lemma parent_edge_cases:
  assumes "y \<in> Q" "y \<in> A \<union> subtree c" "par y \<in> A \<union> subtree c" "A \<inter> subtree c = {}"
  obtains "y \<in> A" "par y \<in> A" | "y \<in> subtree c" "par y \<in> subtree c" | "y = c"
proof (cases "y \<in> subtree c")
  case True
  then show thesis using that(2,3) subtree_parent(2)[OF True] by blast
next
  case False
  then show thesis using that(1) assms child_in_subtree[OF assms(1), of c] by blast
qed

inductive has_cbt :: "nat \<Rightarrow> 'n \<Rightarrow> bool" where
  leaf: "s \<in> N \<Longrightarrow> has_cbt 0 s"
| lift: "c \<in> Q \<Longrightarrow> has_cbt k c \<Longrightarrow> has_cbt k (par c)"
| join: "c1 \<in> Q \<Longrightarrow> c2 \<in> Q \<Longrightarrow> c1 \<noteq> c2 \<Longrightarrow> par c1 = par c2 \<Longrightarrow> has_cbt k c1 \<Longrightarrow> has_cbt k c2 \<Longrightarrow>
    has_cbt (Suc k) (par c1)"

lemma has_cbt_parent: "has_cbt k c \<Longrightarrow> c \<in> children s \<Longrightarrow> has_cbt k s"
  using has_cbt.lift[of c k] by (auto simp: children_iff)

lemma at_most_one_child_has_cbt:
  "\<not> has_cbt (Suc k) s \<Longrightarrow> c1 \<in> children s \<Longrightarrow> c2 \<in> children s \<Longrightarrow> has_cbt k c1 \<Longrightarrow> has_cbt k c2 \<Longrightarrow>
     c1 = c2"
  using has_cbt.join[of c1 c2 k] by (auto simp: children_iff)

lemma card_subtree_child_less:
  assumes "s \<in> N" "c \<in> children s"
  shows "card (subtree c) < card (subtree s)"
proof -
  have "subtree c \<subset> subtree s"
    using subtree_child[OF assms(2)] parent_notin_subtree_child[OF assms(2)] subtree_self[OF assms(1)] by blast
  then show ?thesis using finite_subset[OF subtree_subset finite_nodes] by (rule psubset_card_mono[rotated])
qed
lemma union_mem_type_edges_iff:
  assumes len: "length bs = n"
    and D: "D \<subseteq> canon_param M c bs ` set bs - M" and F: "F \<subseteq> M" "finite F"
    and card: "card D + card F = k"
  shows "D \<union> F \<in> type_edges M c (type_shape M n (tp k U E M bs)) (tp k U E M bs)
     \<longleftrightarrow> uncanon_param M c bs ` D \<union> F \<in> E"
proof -
  have "finite D" using D by (rule finite_subset) auto
  note lD = distinct_list_of_spec[OF this] and lF = distinct_list_of_spec[OF F(2)]
  have DF: "(D \<union> F) - M = D" "(D \<union> F) \<inter> M = F" using D F by auto
  let ?ts = "edge_terms M c (D \<union> F)"
  have ts: "?ts = map (\<lambda>y. HVar (inv c y)) (distinct_list_of D) @ map HPar (distinct_list_of F)"
    unfolding edge_terms_def DF ..
  have inv_c: "inv c y \<in> {1..length bs}" "bs ! (inv c y - 1) = uncanon_param M c bs y" if "y \<in> D" for y
    using inv_c_canon[of y bs] D that by auto
  have "benv undefined bs (inv c y) = uncanon_param M c bs y" if "y \<in> D" for y
    using inv_c[OF that] by (simp add: benv_def)
  then have "set (map (tval (benv undefined bs)) ?ts) = uncanon_param M c bs ` D \<union> F"
    unfolding ts using lD lF by (simp add: image_image cong: image_cong)
  moreover have "length ?ts = k"
    unfolding ts using lD lF card distinct_card by (metis length_append length_map)
  ultimately have "hsat k U E (benv undefined bs) (HRel ?ts) \<longleftrightarrow> uncanon_param M c bs ` D \<union> F \<in> E"
    by simp
  moreover have "hpar (HRel ?ts) \<subseteq> M" unfolding ts using lF F(1) by auto
  moreover have "hfv (HRel ?ts) \<subseteq> {1..length bs}" unfolding ts using lD inv_c by auto
  ultimately have "HRel ?ts \<in> tp k U E M bs \<longleftrightarrow> uncanon_param M c bs ` D \<union> F \<in> E"
    unfolding mem_tp_iff by blast
  moreover have "D \<union> F \<in> type_edges M c (type_shape M n (tp k U E M bs)) (tp k U E M bs) \<longleftrightarrow> HRel ?ts \<in> tp k U E M bs"
    unfolding type_edges_def shape_params_type_shape[OF len] using \<open>finite D\<close> F DF D by auto
  ultimately show ?thesis by blast
qed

▬▬▬

DESCRIPTION OF THE TASK:
All lines in the records with the string "thesis" should be copied out.

SOLVED EXERCISE:
  then show thesis using that(2,3) subtree_parent(2)[OF True] by blast
  then show thesis using that(1) assms child_in_subtree[OF assms(1), of c] by blast
  then show ?thesis using finite_subset[OF subtree_subset finite_nodes] by (rule psubset_card_mono[rotated])
  ultimately show ?thesis by blast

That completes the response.